Governments have, in the past, kickstarted transitions to cleaner energy, housing and transport, acknowledging that the market alone is rarely capable of making the bold moves needed to accelerate change. The same shift is now needed for agriculture.

Agroecology works with nature, and harnesses innovation and green technologies to improve climate and health. This approach to farming is increasingly being adopted by farmers who, in addition to wanting to farm more sustainably, see its potential to improve profitability given the huge reductions in input costs.

But there remain significant barriers to change – particularly for young and new entrants, tenant farmers (40% of the sector) and horticulture businesses - due to a lack of the right kind of private finance available at the pace and scale required.

Farming Smarter: Investing in our future suggests that a new bank, complementary to the British Business Bank, the newly established National Infrastructure Bank, the Scottish Investment Bank and Development Bank of Wales, could be game-changing in terms of encouraging rapid change and meeting UK climate goals.

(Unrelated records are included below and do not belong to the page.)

theorem mainTheorem9:
  fixes lt :: "'x monom \<Rightarrow> 'x monom \<Rightarrow> bool"
    and I R :: "('x, 'k::field) mpoly set"
  assumes "admissible_order lt"
    and "is_ideal I"
    and "finite R"
    and "0 \<notin> R"
    and "I = ideal_gen R"
  shows "groebner_basis lt R I \<longleftrightarrow> confluent lt (F_R lt R)"
proof -
  interpret monomial_order lt by (rule monomial_order.intro) fact
  have "R \<subseteq> I" using assms(5) ideal_gen_superset by blast
  have "confluent lt (F_R lt R) \<longleftrightarrow> - lm_multiples lt R = - lead_monoms lt I"
    unfolding confluent_def Inter_nf_F_R[OF assms(4)] nf_wedge_F_R[OF assms(2,5,3)] ..
  also have "\<dots> \<longleftrightarrow> lead_monoms lt I \<subseteq> lm_multiples lt R"
    using lm_multiples_subset_lead_monoms[OF assms(2) \<open>R \<subseteq> I\<close> assms(4)] by blast
  also have "\<dots> \<longleftrightarrow> groebner_basis lt R I"
    using groebner_basis_iff_lead_monoms[OF \<open>R \<subseteq> I\<close> assms(4)] by simp
  finally show ?thesis by simp
qed

end
(* Let $u,v\ge0$ be real numbers and let $\mu=\sum_{i,j\ge0}\sum_{\sigma\in\Delta}c_{\sigma,i,j}\sigma X^iY^j\in D^{(u,v)}(G_{p^\infty},F)$. Let $\omega_{\mathfrak p}\in\Omega_{\mathfrak p}$ and put $F'=F(\omega_{\mathfrak p}(\gamma_{\mathfrak p}))$. Then the distribution $\mu^{(\omega_{\mathfrak p})}$ lies in $D^{(v)}(G_{\overline{\mathfrak p}^\infty},F')$.
   Context: Let $K$ be an imaginary quadratic field in which the odd prime $p$ splits as $\mathfrak p\overline{\mathfrak p}$. For an ideal $\mathfrak I$ of $K$, $G_{\mathfrak I}$ is the ray class group of $K$ modulo $\mathfrak I$; $G_{p^\infty}=\varprojlim G_{p^n}$, $G_{\mathfrak p^\infty}=\varprojlim G_{\mathfrak p^n}$, $G_{\overline{\mathfrak p}^\infty}=\varprojlim G_{\overline{\mathfrak p}^n}$. Fix topological generators $\gamma_{\mathfrak p},\gamma_{\overline{\mathfrak p}}$ of the $\mathbb{Z}_p$-parts of $G_{\mathfrak p^\infty}$, $G_{\overline{\mathfrak p}^\infty}$, so $G_{p^\infty}\cong\Delta\times\langle\gamma_{\mathfrak p}\rangle\times\langle\gamma_{\overline{\mathfrak p}}\rangle$ with $\Delta$ finite abelian; $X=\gamma_{\mathfrak p}-1$, $Y=\gamma_{\overline{\mathfrak p}}-1$. $F$ is a finite extension of $\mathbb{Q}_p$ containing $\mu_{|\Delta|}$. For $u,v\ge0$, $D^{(u,v)}(G_{p^\infty},F)$ is the set of $\sum_{i,j\ge0}\sum_{\sigma\in\Delta}c_{\sigma,i,j}\sigma X^iY^j$ with $c_{\sigma,i,j}\in F$ and $\sup_{i,j}|c_{\sigma,i,j}|_p/(i^uj^v)<\infty$ for all $\sigma$ (powers of $0$ read as $1$). One-variable spaces $D^{(v)}(\cdot,F')$ are defined analogously with a single variable: series $\sum_j\sum_\sigma c_{\sigma,j}\sigma Y^j$ with $\sup_j|c_{\sigma,j}|_p/j^v<\infty$. For $\star\in\{\mathfrak p,\overline{\mathfrak p}\}$, $\Omega_\star$ is the set of characters of $G_{p^\infty}$ of conductor $\star^n$ for some $n\ge1$. For $\omega_{\mathfrak p}\in\Omega_{\mathfrak p}$, $\mu^{(\omega_{\mathfrak p})}$ denotes the one-variable distribution $\sum_{j\ge0}\sum_{\sigma\in\Delta}\big(\sum_{i\ge0}c_{\sigma,i,j}(\omega_{\mathfrak p}(\gamma_{\mathfrak p})-1)^i\big)\sigma Y^j$ (up to the root-of-unity factors $\omega_{\mathfrak p}(\sigma)$), characterised by $\mu^{(\omega_{\mathfrak p})}(\omega_{\overline{\mathfrak p}})=\mu(\omega_{\mathfrak p}\omega_{\overline{\mathfrak p}})$ for $\omega_{\overline{\mathfrak p}}\in\Omega_{\overline{\mathfrak p}}$. *)

theory Defs
  imports Complex_Main "HOL-Computational_Algebra.Primes"
begin

definition nonarch_abs :: "('k::field \<Rightarrow> real) \<Rightarrow> bool" where
  "nonarch_abs a \<longleftrightarrow>
     (\<forall>x. 0 \<le> a x) \<and> (\<forall>x. a x = 0 \<longleftrightarrow> x = 0) \<and>
     (\<forall>x y. a (x * y) = a x * a y) \<and> (\<forall>x y. a (x + y) \<le> max (a x) (a y))"

definition abs_tendsto :: "('k::field \<Rightarrow> real) \<Rightarrow> (nat \<Rightarrow> 'k) \<Rightarrow> 'k \<Rightarrow> bool" where
  "abs_tendsto a f L \<longleftrightarrow> (\<lambda>n. a (f n - L)) \<longlonglongrightarrow> 0"

definition abs_cauchy :: "('k::field \<Rightarrow> real) \<Rightarrow> (nat \<Rightarrow> 'k) \<Rightarrow> bool" where
  "abs_cauchy a f \<longleftrightarrow> (\<forall>e>0. \<exists>N. \<forall>m\<ge>N. \<forall>n\<ge>N. a (f m - f n) < e)"

definition abs_complete :: "('k::field \<Rightarrow> real) \<Rightarrow> 'k set \<Rightarrow> bool" where
  "abs_complete a S \<longleftrightarrow>
     (\<forall>f. (\<forall>n. f n \<in> S) \<longrightarrow> abs_cauchy a f \<longrightarrow> (\<exists>L\<in>S. abs_tendsto a f L))"

definition is_subfield :: "'k::field set \<Rightarrow> bool" where
  "is_subfield K \<longleftrightarrow> 0 \<in> K \<and> 1 \<in> K \<and>
     (\<forall>x\<in>K. \<forall>y\<in>K. x + y \<in> K \<and> x * y \<in> K) \<and>
     (\<forall>x\<in>K. - x \<in> K \<and> inverse x \<in> K)"

definition adjoin :: "'k::field set \<Rightarrow> 'k \<Rightarrow> 'k set" where
  "adjoin F z = \<Inter> {K. is_subfield K \<and> F \<subseteq> K \<and> z \<in> K}"
(* In the setting below, the cokernel of $\bar\rho_{\mathfrak{ab}}\colon\bar G_{\mathfrak{ab}}\to\bar A_{\mathfrak{ab}}$ is free abelian.
   Context: Let $G$ be a group generated by $a_1,\dots,a_n$ with $z=a_1\cdots a_n$ central. Let $S_1,\dots,S_m\subseteq\{1,\dots,n\}$ with $|S_i\cap S_r|\le1$ for $i\neq r$. For $S\subseteq\{1,\dots,n\}$ let $G_S$ be the quotient of $G$ by the normal closure of $\{a_j:j\notin S\}$; let $a_{ij}$ be the image of $a_j$ in $G_{S_i}$ and $z_i=a_{i1}\cdots a_{in}$ (central in $G_{S_i}$). Let $\bar G=G/\langle z\rangle$, $\bar G_{S_i}=G_{S_i}/\langle z_i\rangle$, and assume each $\bar G_{S_i}$ is free of rank $|S_i|-1$, the images of any $|S_i|-1$ of the $a_{ij}$, $j\in S_i$, forming a free basis. Let $A=\prod_iG_{S_i}$, $\bar A=\prod_i\bar G_{S_i}$, $\rho\colon G\to A$ the product of projections and $\bar\rho\colon\bar G\to\bar A$ the induced map. Assume the abelianizations $G_{\mathfrak{ab}}$ and $A_{\mathfrak{ab}}$ are free abelian with bases the images of $a_1,\dots,a_n$ and of $a_{ij}$ ($1\le i\le m$, $j\in S_i$) respectively. The subscript $\mathfrak{ab}$ denotes abelianization of groups and homomorphisms. *)

theory Defs
  imports "HOL-Algebra.Algebra"
begin

definition ordprod :: "('a, 'b) monoid_scheme \<Rightarrow> (nat \<Rightarrow> 'a) \<Rightarrow> nat \<Rightarrow> 'a" where
  "ordprod G a n = foldr (\<lambda>x y. x \<otimes>\<^bsub>G\<^esub> y) (map a [1..<Suc n]) \<one>\<^bsub>G\<^esub>"

definition normal_closure :: "('a, 'b) monoid_scheme \<Rightarrow> 'a set \<Rightarrow> 'a set" where
  "normal_closure G Xs =
     generate G (\<Union>g\<in>carrier G. \<Union>x\<in>Xs. {g \<otimes>\<^bsub>G\<^esub> x \<otimes>\<^bsub>G\<^esub> inv\<^bsub>G\<^esub> g})"

definition abelianization :: "('a, 'b) monoid_scheme \<Rightarrow> 'a set monoid" where
  "abelianization G = G Mod (derived G (carrier G))"

definition ab_class :: "('a, 'b) monoid_scheme \<Rightarrow> 'a \<Rightarrow> 'a set" where
  "ab_class G x = derived G (carrier G) #>\<^bsub>G\<^esub> x"

(* Reduced words over an index set T: letters (j, True) = f j, (j, False) = inverse of f j. *)
definition reduced_word :: "'i set \<Rightarrow> ('i \<times> bool) list \<Rightarrow> bool" where
  "reduced_word T w \<longleftrightarrow> set (map fst w) \<subseteq> T \<and>
     (\<forall>k. Suc k < length w \<longrightarrow> \<not> (fst (w ! k) = fst (w ! Suc k) \<and> snd (w ! k) \<noteq> snd (w ! Suc k)))"

definition eval_word :: "('a, 'b) monoid_scheme \<Rightarrow> ('i \<Rightarrow> 'a) \<Rightarrow> ('i \<times> bool) list \<Rightarrow> 'a" where
  "eval_word G f w =
     foldr (\<lambda>l y. (if snd l then f (fst l) else inv\<^bsub>G\<^esub> (f (fst l))) \<otimes>\<^bsub>G\<^esub> y) w \<one>\<^bsub>G\<^esub>"

definition free_basis :: "('a, 'b) monoid_scheme \<Rightarrow> ('i \<Rightarrow> 'a) \<Rightarrow> 'i set \<Rightarrow> bool" where
  "free_basis G f T \<longleftrightarrow> group G \<and> f ` T \<subseteq> carrier G \<and> inj_on f T \<and>
     generate G (f ` T) = carrier G \<and>
     (\<forall>w. reduced_word T w \<and> w \<noteq> [] \<longrightarrow> eval_word G f w \<noteq> \<one>\<^bsub>G\<^esub>)"

definition free_group_of_rank :: "('a, 'b) monoid_scheme \<Rightarrow> nat \<Rightarrow> bool" where
  "free_group_of_rank G r \<longleftrightarrow> (\<exists>B. card B = r \<and> finite B \<and> free_basis G id B)"

definition abelian_basis :: "('a, 'b) monoid_scheme \<Rightarrow> ('i \<Rightarrow> 'a) \<Rightarrow> 'i set \<Rightarrow> bool" where
  "abelian_basis G f T \<longleftrightarrow> comm_group G \<and> finite T \<and> f ` T \<subseteq> carrier G \<and> inj_on f T \<and>
     generate G (f ` T) = carrier G \<and>
     (\<forall>k :: 'i \<Rightarrow> int. finprod G (\<lambda>j. f j [^]\<^bsub>G\<^esub> k j) T = \<one>\<^bsub>G\<^esub> \<longrightarrow> (\<forall>j\<in>T. k j = 0))"

definition free_abelian :: "('a, 'b) monoid_scheme \<Rightarrow> bool" where
  "free_abelian G \<longleftrightarrow> comm_group G \<and> (\<exists>B :: 'a set. G \<cong> free_Abelian_group B)"

definition GS :: "('a, 'b) monoid_scheme \<Rightarrow> (nat \<Rightarrow> 'a) \<Rightarrow> nat \<Rightarrow> nat set \<Rightarrow> 'a set monoid" where
  "GS G a n S = G Mod (normal_closure G (a ` ({1..n} - S)))"

definition projS :: "('a, 'b) monoid_scheme \<Rightarrow> (nat \<Rightarrow> 'a) \<Rightarrow> nat \<Rightarrow> nat set \<Rightarrow> 'a \<Rightarrow> 'a set" where
  "projS G a n S x = normal_closure G (a ` ({1..n} - S)) #>\<^bsub>G\<^esub> x"

definition zS :: "('a, 'b) monoid_scheme \<Rightarrow> (nat \<Rightarrow> 'a) \<Rightarrow> nat \<Rightarrow> nat set \<Rightarrow> 'a set" where
  "zS G a n S = ordprod (GS G a n S) (\<lambda>j. projS G a n S (a j)) n"

definition barGS :: "('a, 'b) monoid_scheme \<Rightarrow> (nat \<Rightarrow> 'a) \<Rightarrow> nat \<Rightarrow> nat set \<Rightarrow> 'a set set monoid" where
  "barGS G a n S = GS G a n S Mod (generate (GS G a n S) {zS G a n S})"

definition barprojS :: "('a, 'b) monoid_scheme \<Rightarrow> (nat \<Rightarrow> 'a) \<Rightarrow> nat \<Rightarrow> nat set \<Rightarrow> 'a set \<Rightarrow> 'a set set" where
  "barprojS G a n S y = generate (GS G a n S) {zS G a n S} #>\<^bsub>GS G a n S\<^esub> y"

definition barG :: "('a, 'b) monoid_scheme \<Rightarrow> (nat \<Rightarrow> 'a) \<Rightarrow> nat \<Rightarrow> 'a set monoid" where
  "barG G a n = G Mod (generate G {ordprod G a n})"

definition Aprod :: "('a, 'b) monoid_scheme \<Rightarrow> (nat \<Rightarrow> 'a) \<Rightarrow> nat \<Rightarrow> (nat \<Rightarrow> nat set) \<Rightarrow> nat
                     \<Rightarrow> (nat \<Rightarrow> 'a set) monoid" where
  "Aprod G a n S m = product_group {1..m} (\<lambda>i. GS G a n (S i))"

definition barAprod :: "('a, 'b) monoid_scheme \<Rightarrow> (nat \<Rightarrow> 'a) \<Rightarrow> nat \<Rightarrow> (nat \<Rightarrow> nat set) \<Rightarrow> nat
                     \<Rightarrow> (nat \<Rightarrow> 'a set set) monoid" where
  "barAprod G a n S m = product_group {1..m} (\<lambda>i. barGS G a n (S i))"

definition aA :: "('a, 'b) monoid_scheme \<Rightarrow> (nat \<Rightarrow> 'a) \<Rightarrow> nat \<Rightarrow> (nat \<Rightarrow> nat set) \<Rightarrow> nat
                     \<Rightarrow> nat \<times> nat \<Rightarrow> (nat \<Rightarrow> 'a set)" where
  "aA G a n S m ij = (\<lambda>k\<in>{1..m}. if k = fst ij then projS G a n (S k) (a (snd ij))
                                  else \<one>\<^bsub>GS G a n (S k)\<^esub>)"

What could a transition to agroecology mean for UK nations?

Agriculture and land use change account for almost a quarter of global emissions and are among the biggest drivers of biodiversity loss. These bleak statistics could be reversed by a transition to agroecology which would:

  • help avoid increasing global warming beyond 1.5C above pre-industrial levels
  • contribute to the UK becoming carbon net zero by 2050 (reducing greenhouse gas emissions from agriculture by at least 38% with potential to offset 60%+*)
  • enable UK countries to grow more of their own food (thus improving food security)
  • create a sector filled with knowledge intensive jobs among many other benefits.
How can an Agroecology Development Bank support this?

Farming Smarter: Investing in our future considers how public and private finance can be unlocked to meet the challenge of an agroecological transition. The report sets out prospective arrangements for an Agroecology Development Bank to overcome the barriers some farmers face in accessing funding and some of the issues particular to this moment in time. It proposes that, in addition to being the primary institution for innovative financial products tailored to support a rapid transition to agroecology, the bank would have the remit to generate, curate and share knowledge on agroecology, in particular outcome measurement and verification in order to underpin finance – and to contribute to government’s environmental objectives.

Has the UK established a financial institution like this before?

The report draws comparisons between the investment made in offshore wind farms pointing out that – like agroecology – offshore wind was economically viable but was an early-stage technology with minimal financial track record or historical performance data. The Green Investment Bank acted as a centre of expertise, crowding private sector finance to support profitable but unproven projects. The barriers were similar (skilling up staff, developing technical expertise, collating data and evaluating risk) and broader than just a question of availability of capital at the right price.

Unlike wind farms, agroecology has multiple yields and impacts, extending beyond food products to timber and textiles, and across environmental outcomes from carbon sequestration to biodiversity restoration. All of this adds weight to an argument for an institution capable of managing the complexity of the opportunity agroecology offers the UK.